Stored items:
__________________________________________________

lemma last_agreement:
  fixes m :: nat
  assumes "p1 0 = p2 0" "p1 m \<noteq> p2 m"
  obtains k where "k < m" "p1 k = p2 k" "\<And>i. k < i \<Longrightarrow> i \<le> m \<Longrightarrow> p1 i \<noteq> p2 i"
proof -
  define K where "K = {k. k \<le> m \<and> p1 k = p2 k}"
  have "finite K" "0 \<in> K" unfolding K_def using assms by auto
  then have "Max K \<in> K" "\<And>i. i \<in> K \<Longrightarrow> i \<le> Max K" by (auto intro: Max_in)
  then show ?thesis using that[of "Max K"] assms unfolding K_def
    by (metis (mono_tags, lifting) le_neq_implies_less mem_Collect_eq not_le)
qed

locale rooted_tree =
  fixes V :: "'v set" and E :: "('v \<times> 'v) set" and r :: 'v
  assumes tree: "is_tree V E" and root: "r \<in> V"
begin

lemma edges_subset: "E \<subseteq> V \<times> V" and sym: "(x, y) \<in> E \<Longrightarrow> (y, x) \<in> E"
  and irrefl: "(x, x) \<notin> E" and connected: "x \<in> V \<Longrightarrow> y \<in> V \<Longrightarrow> (x, y) \<in> E\<^sup>*"
  and no_cycle: "\<not> (\<exists>xs. 3 \<le> length xs \<and> distinct xs \<and>
            (\<forall>i. Suc i < length xs \<longrightarrow> (xs ! i, xs ! Suc i) \<in> E) \<and> (last xs, hd xs) \<in> E)"
  using tree unfolding is_tree_def by blast+

definition depth :: "'v \<Rightarrow> nat" where
  "depth v = (LEAST n. (r, v) \<in> E ^^ n)"

lemma depth: "v \<in> V \<Longrightarrow> (r, v) \<in> E ^^ depth v"
proof -
  assume "v \<in> V"
  then have "\<exists>n. (r, v) \<in> E ^^ n" using connected[OF root] by (simp add: rtrancl_power)
  then show ?thesis unfolding depth_def by (rule LeastI_ex)
qed

lemma depth_le: "(r, v) \<in> E ^^ n \<Longrightarrow> depth v \<le> n"
  unfolding depth_def by (rule Least_le)

lemma depth_root: "depth r = 0"
  using depth_le[of r 0] by simp

lemma depth_eq_0: "v \<in> V \<Longrightarrow> depth v = 0 \<Longrightarrow> v = r"
  using depth[of v] by simp

lemma depth_edge_le: "(u, w) \<in> E \<Longrightarrow> depth w \<le> Suc (depth u)"
proof -
  assume uw: "(u, w) \<in> E"
  then have "u \<in> V" using edges_subset by auto
  then have "(r, w) \<in> E ^^ Suc (depth u)" using relpow_Suc_I[OF depth uw] by simp
  then show ?thesis by (rule depth_le)
qed

definition geodesic :: "(nat \<Rightarrow> 'v) \<Rightarrow> nat \<Rightarrow> bool" where
  "geodesic p n \<longleftrightarrow> p 0 = r \<and> (\<forall>i<n. (p i, p (Suc i)) \<in> E) \<and> (\<forall>i\<le>n. depth (p i) = i)"

lemma exists_geodesic:
  assumes "v \<in> V"
  obtains p where "geodesic p (depth v)" "p (depth v) = v"
proof -
  obtain p where p: "p 0 = r" "p (depth v) = v" "\<forall>i<depth v. (p i, p (Suc i)) \<in> E"
    using depth[OF assms] unfolding relpow_fun_conv by blast
  have "depth (p i) = i" if i: "i \<le> depth v" for i
  proof -
    have "(r, p i) \<in> E ^^ i" unfolding relpow_fun_conv
      using p i by (intro exI[of _ p]) auto
    then have le: "depth (p i) \<le> i" by (rule depth_le)
    have seg: "(p i, v) \<in> E ^^ (depth v - i)" unfolding relpow_fun_conv
      using p i by (intro exI[of _ "\<lambda>j. p (i + j)"]) auto
    have "p i \<in> V"
    proof (cases i)
      case 0 then show ?thesis using p root by simp
    next
      case (Suc j) then have "(p j, p i) \<in> E" using p(3) i by auto
      then show ?thesis using edges_subset by auto
    qed
    then have "(r, v) \<in> E ^^ (depth (p i) + (depth v - i))" using depth seg relpow_add by blast
    then have "depth v \<le> depth (p i) + (depth v - i)" by (rule depth_le)
    then show ?thesis using le i by linarith
  qed
  then show ?thesis using that p unfolding geodesic_def by blast
qed

lemma distinct_geodesics_through_deeper_vertices:
  assumes p1: "geodesic p1 m" and p2: "geodesic p2 m"
    and dif: "\<And>i. k < i \<Longrightarrow> i \<le> m \<Longrightarrow> p1 i \<noteq> p2 i"
    and ws: "distinct ws" "\<And>w. w \<in> set ws \<Longrightarrow> m < depth w"
  shows "distinct (map p1 [k..<Suc m] @ ws @ rev (map p2 [Suc k..<Suc m]))"
proof -
  have depth1: "\<And>i. i \<le> m \<Longrightarrow> depth (p1 i) = i" and depth2: "\<And>i. i \<le> m \<Longrightarrow> depth (p2 i) = i"
    using p1 p2 unfolding geodesic_def by auto
  have "inj_on p1 {..m}" by (rule inj_onI) (metis depth1 atMost_iff)
  then have "inj_on p1 (set [k..<Suc m])" by (rule inj_on_subset) auto
  moreover have "inj_on p2 {..m}" by (rule inj_onI) (metis depth2 atMost_iff)
  then have "inj_on p2 (set [Suc k..<Suc m])" by (rule inj_on_subset) auto
  ultimately have "distinct (map p1 [k..<Suc m])" "distinct (map p2 [Suc k..<Suc m])"
    by (simp_all add: distinct_map)
  moreover have "set (map p1 [k..<Suc m]) \<inter> set ws = {}" using depth1 ws(2) by fastforce
  moreover have "set (map p2 [Suc k..<Suc m]) \<inter> set ws = {}" using depth2 ws(2) by fastforce
  moreover have "set (map p1 [k..<Suc m]) \<inter> set (map p2 [Suc k..<Suc m]) = {}"
  proof (rule ccontr)
    assume "set (map p1 [k..<Suc m]) \<inter> set (map p2 [Suc k..<Suc m]) \<noteq> {}"
    then obtain x where "x \<in> p1 ` {k..<Suc m}" "x \<in> p2 ` {Suc k..<Suc m}"
      unfolding set_map set_upt by blast
    then obtain i j where "i \<in> {k..<Suc m}" "j \<in> {Suc k..<Suc m}" "p1 i = p2 j" by (metis imageE)
    then have ij: "k \<le> i" "i \<le> m" "Suc k \<le> j" "j \<le> m" "p1 i = p2 j" by auto
    then have "i = j" using depth1 depth2 by metis
    then show False using dif ij by auto
  qed
  ultimately show ?thesis using ws(1) by auto
qed

text \<open>The cycle runs from the branch point \<open>p1 k = p2 k\<close> along \<open>p1\<close>, through \<open>ws\<close>, and back
  along \<open>p2\<close>.\<close>
lemma no_cycle_from_geodesics:
  assumes p1: "geodesic p1 m" and p2: "geodesic p2 m"
    and km: "k < m" and pk: "p1 k = p2 k" and dif: "\<And>i. k < i \<Longrightarrow> i \<le> m \<Longrightarrow> p1 i \<noteq> p2 i"
    and ws: "distinct ws" "\<And>w. w \<in> set ws \<Longrightarrow> m < depth w"
    and ch: "successively (\<lambda>x y. (x, y) \<in> E) (p1 m # ws @ [p2 m])"
  shows False
proof -
  have walk1: "\<forall>i<m. (p1 i, p1 (Suc i)) \<in> E" and walk2: "\<forall>i<m. (p2 i, p2 (Suc i)) \<in> E"
    using p1 p2 unfolding geodesic_def by auto
  let ?E = "\<lambda>x y. (x, y) \<in> E"
  define A where "A = map p1 [k..<m]"
  define B where "B = p1 m # ws @ [p2 m]"
  define C where "C = rev (map p2 [Suc k..<m])"
  define xs where "xs = A @ B @ C"
  have walk_A: "successively ?E A" unfolding A_def
    by (rule successively_map_upt) (use walk1 in auto)
  have walk_C: "successively ?E C" unfolding C_def successively_rev
    by (rule successively_map_upt) (use walk2 sym in auto)
  have "(p1 (m - 1), p1 m) \<in> E" "(p2 (m - 1), p2 m) \<in> E"
    using walk1 walk2 km by (metis Suc_pred' diff_less less_nat_zero_code not_gr_zero zero_less_one)+
  moreover have "A \<noteq> []" "last A = p1 (m - 1)" unfolding A_def using km by (simp_all add: last_map)
  ultimately have join_AB: "?E (last A) (hd B)" and join_BC: "C = [] \<or> ?E (last B) (hd C)"
  proof -
    show "?E (last A) (hd B)" using \<open>last A = p1 (m - 1)\<close> \<open>(p1 (m - 1), p1 m) \<in> E\<close> by (simp add: B_def)
    show "C = [] \<or> ?E (last B) (hd C)"
    proof (cases "Suc k < m")
      case True
      then have "hd C = p2 (m - 1)" unfolding C_def by (simp add: hd_rev last_map)
      then show ?thesis using \<open>(p2 (m - 1), p2 m) \<in> E\<close> sym by (simp add: B_def)
    qed (simp add: C_def)
  qed
  have "successively ?E (B @ C)" unfolding successively_append_iff
    using ch walk_C join_BC by (simp add: B_def)
  then have walk: "successively ?E xs" unfolding xs_def
    using successively_append_iff[of ?E A "B @ C"] walk_A join_AB by (simp add: B_def)
  have "hd xs = p1 k" unfolding xs_def A_def using km by (simp add: upt_conv_Cons)
  moreover have "last xs = p2 (Suc k)"
  proof (cases "Suc k < m")
    case True then show ?thesis unfolding xs_def C_def by (simp add: last_rev upt_conv_Cons)
  next
    case False then have "m = Suc k" using km by simp
    then show ?thesis unfolding xs_def C_def B_def by simp
  qed
  ultimately have close: "(last xs, hd xs) \<in> E" using walk2 km sym pk by auto
  have len: "3 \<le> length xs" unfolding xs_def A_def B_def C_def using km by simp
  have "xs = map p1 [k..<Suc m] @ ws @ rev (map p2 [Suc k..<Suc m])"
    unfolding xs_def A_def B_def C_def using km by simp
  then have "distinct xs" using distinct_geodesics_through_deeper_vertices[OF p1 p2 dif ws] by simp
  then show False using no_cycle len walk close unfolding successively_conv_nth by blast
qed

lemma no_cycle_through_deeper_vertices:
  assumes "x \<in> V" "y \<in> V" "x \<noteq> y" "depth x = depth y"
    and "distinct ws" "\<And>w. w \<in> set ws \<Longrightarrow> depth x < depth w"
    and "successively (\<lambda>a b. (a, b) \<in> E) (x # ws @ [y])"
  shows False
proof -
  obtain p1 where p1: "geodesic p1 (depth x)" "p1 (depth x) = x"
    using exists_geodesic[OF assms(1)] .
  obtain p2 where p2: "geodesic p2 (depth x)" "p2 (depth x) = y"
    using exists_geodesic[OF assms(2)] unfolding assms(4)[symmetric] by blast
  have "p1 0 = p2 0" using p1(1) p2(1) by (simp add: geodesic_def)
  then obtain k where k: "k < depth x" "p1 k = p2 k" "\<And>i. k < i \<Longrightarrow> i \<le> depth x \<Longrightarrow> p1 i \<noteq> p2 i"
    using last_agreement p1(2) p2(2) assms(3) by metis
  show False
    by (rule no_cycle_from_geodesics[OF p1(1) p2(1) k]) (use assms(5-7) p1(2) p2(2) in auto)
qed

lemma edge_depth_neq:
  assumes "(a, b) \<in> E" shows "depth a \<noteq> depth b"
proof
  assume "depth a = depth b"
  moreover have "a \<in> V" "b \<in> V" "a \<noteq> b" using assms edges_subset irrefl by auto
  ultimately show False
    using no_cycle_through_deeper_vertices[of a b "[]"] assms by simp
qed

lemma lower_neighbour_unique:
  assumes "(v, u1) \<in> E" "(v, u2) \<in> E" "depth u1 < depth v" "depth u2 < depth v"
  shows "u1 = u2"
proof (rule ccontr)
  assume "u1 \<noteq> u2"
  moreover have "depth v = Suc (depth u1)" "depth v = Suc (depth u2)"
    using depth_edge_le[OF assms(1)] depth_edge_le[OF sym[OF assms(1)]] assms(3)
      depth_edge_le[OF assms(2)] depth_edge_le[OF sym[OF assms(2)]] assms(4) by linarith+
  ultimately show False
    using no_cycle_through_deeper_vertices[of u1 u2 "[v]"] assms(1,2) edges_subset sym by fastforce
qed

definition parent :: "'v \<Rightarrow> 'v" where
  "parent v = (SOME u. (v, u) \<in> E \<and> depth u < depth v)"

lemma parent:
  assumes "v \<in> V" "v \<noteq> r"
  shows "(v, parent v) \<in> E" "Suc (depth (parent v)) = depth v" "parent v \<in> V"
proof -
  have "depth v \<noteq> 0" using depth_eq_0 assms by blast
  obtain p where p: "geodesic p (depth v)" "p (depth v) = v"
    using exists_geodesic[OF assms(1)] .
  have dv: "Suc (depth v - 1) = depth v" using \<open>depth v \<noteq> 0\<close> by simp
  have "(p (depth v - 1), p (Suc (depth v - 1))) \<in> E" "depth (p (depth v - 1)) = depth v - 1"
    using p(1) \<open>depth v \<noteq> 0\<close> unfolding geodesic_def by (simp_all del: Suc_pred)
  then have "(p (depth v - 1), v) \<in> E" "depth (p (depth v - 1)) < depth v"
    unfolding dv p(2) using \<open>depth v \<noteq> 0\<close> by simp_all
  then have "\<exists>u. (v, u) \<in> E \<and> depth u < depth v" using sym by blast
  then have pp: "(v, parent v) \<in> E \<and> depth (parent v) < depth v" unfolding parent_def by (rule someI_ex)
  then show "(v, parent v) \<in> E" by simp
  show "Suc (depth (parent v)) = depth v" using pp depth_edge_le[of "parent v" v] sym by force
  show "parent v \<in> V" using pp edges_subset by auto
qed

lemma parent_unique: "(v, u) \<in> E \<Longrightarrow> depth u < depth v \<Longrightarrow> u = parent v"
proof -
  assume vu: "(v, u) \<in> E" "depth u < depth v"
  then have "v \<in> V" "v \<noteq> r" using edges_subset depth_root by auto
  then show ?thesis using lower_neighbour_unique[OF vu(1) parent(1)] vu parent(2) by force
qed

lemma edge_cases:
  assumes "(s, t) \<in> E"
  shows "(s \<noteq> r \<and> t = parent s \<and> depth s = Suc (depth t)) \<or>
    (t \<noteq> r \<and> s = parent t \<and> depth t = Suc (depth s))"
proof -
  have "depth s \<noteq> depth t" using edge_depth_neq[OF assms] .
  moreover have "depth t \<le> Suc (depth s)" "depth s \<le> Suc (depth t)"
    using depth_edge_le assms sym by blast+
  ultimately have "depth s = Suc (depth t) \<or> depth t = Suc (depth s)" by linarith
  then show ?thesis
  proof
    assume d: "depth s = Suc (depth t)"
    then show ?thesis using parent_unique[OF assms] depth_root by auto
  next
    assume d: "depth t = Suc (depth s)"
    then show ?thesis using parent_unique[OF sym[OF assms]] depth_root by auto
  qed
qed

end

section \<open>Isomorphism of complete tree systems\<close>

locale tree_system_pair = rooted_tree V E r for V :: "'v set" and E r +
  fixes X :: "'c topology"
    and Xdd :: "'v \<Rightarrow> 'a topology" and P :: "'v \<Rightarrow> 'a set" and b :: "'v \<Rightarrow> 'v \<times> 'v \<Rightarrow> 'a"
    and Xdd' :: "'v \<Rightarrow> 'b topology" and P' :: "'v \<Rightarrow> 'b set" and b' :: "'v \<Rightarrow> 'v \<times> 'v \<Rightarrow> 'b"
  assumes nonempty: "topspace X \<noteq> {}"
    and system: "tree_system V E X Xdd P b" and system': "tree_system V E X Xdd' P' b'"
begin

lemma peripheral: "t \<in> V \<Longrightarrow> peripheral_extension X (Xdd t) (P t)"
  and peripheral': "t \<in> V \<Longrightarrow> peripheral_extension X (Xdd' t) (P' t)"
  and labels: "t \<in> V \<Longrightarrow> bij_betw (b t) (out_edges E t) (P t)"
  and labels': "t \<in> V \<Longrightarrow> bij_betw (b' t) (out_edges E t) (P' t)"
  using system system' unfolding tree_system_def by blast+

lemma out_edgesI: "(t, s) \<in> E \<Longrightarrow> (t, s) \<in> out_edges E t"
  by (simp add: out_edges_def)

__________________________________________________

TASK ITEM:
The exercise is to copy out every line above that has the word "open" in it.

RESULT OF THE EXERCISE:
text \<open>The cycle runs from the branch point \<open>p1 k = p2 k\<close> along \<open>p1\<close>, through \<open>ws\<close>, and back
  along \<open>p2\<close>.\<close>
    show "?E (last A) (hd B)" using \<open>last A = p1 (m - 1)\<close> \<open>(p1 (m - 1), p1 m) \<in> E\<close> by (simp add: B_def)
      then show ?thesis using \<open>(p2 (m - 1), p2 m) \<in> E\<close> sym by (simp add: B_def)
  have dv: "Suc (depth v - 1) = depth v" using \<open>depth v \<noteq> 0\<close> by simp
    using p(1) \<open>depth v \<noteq> 0\<close> unfolding geodesic_def by (simp_all del: Suc_pred)
    unfolding dv p(2) using \<open>depth v \<noteq> 0\<close> by simp_all
section \<open>Isomorphism of complete tree systems\<close>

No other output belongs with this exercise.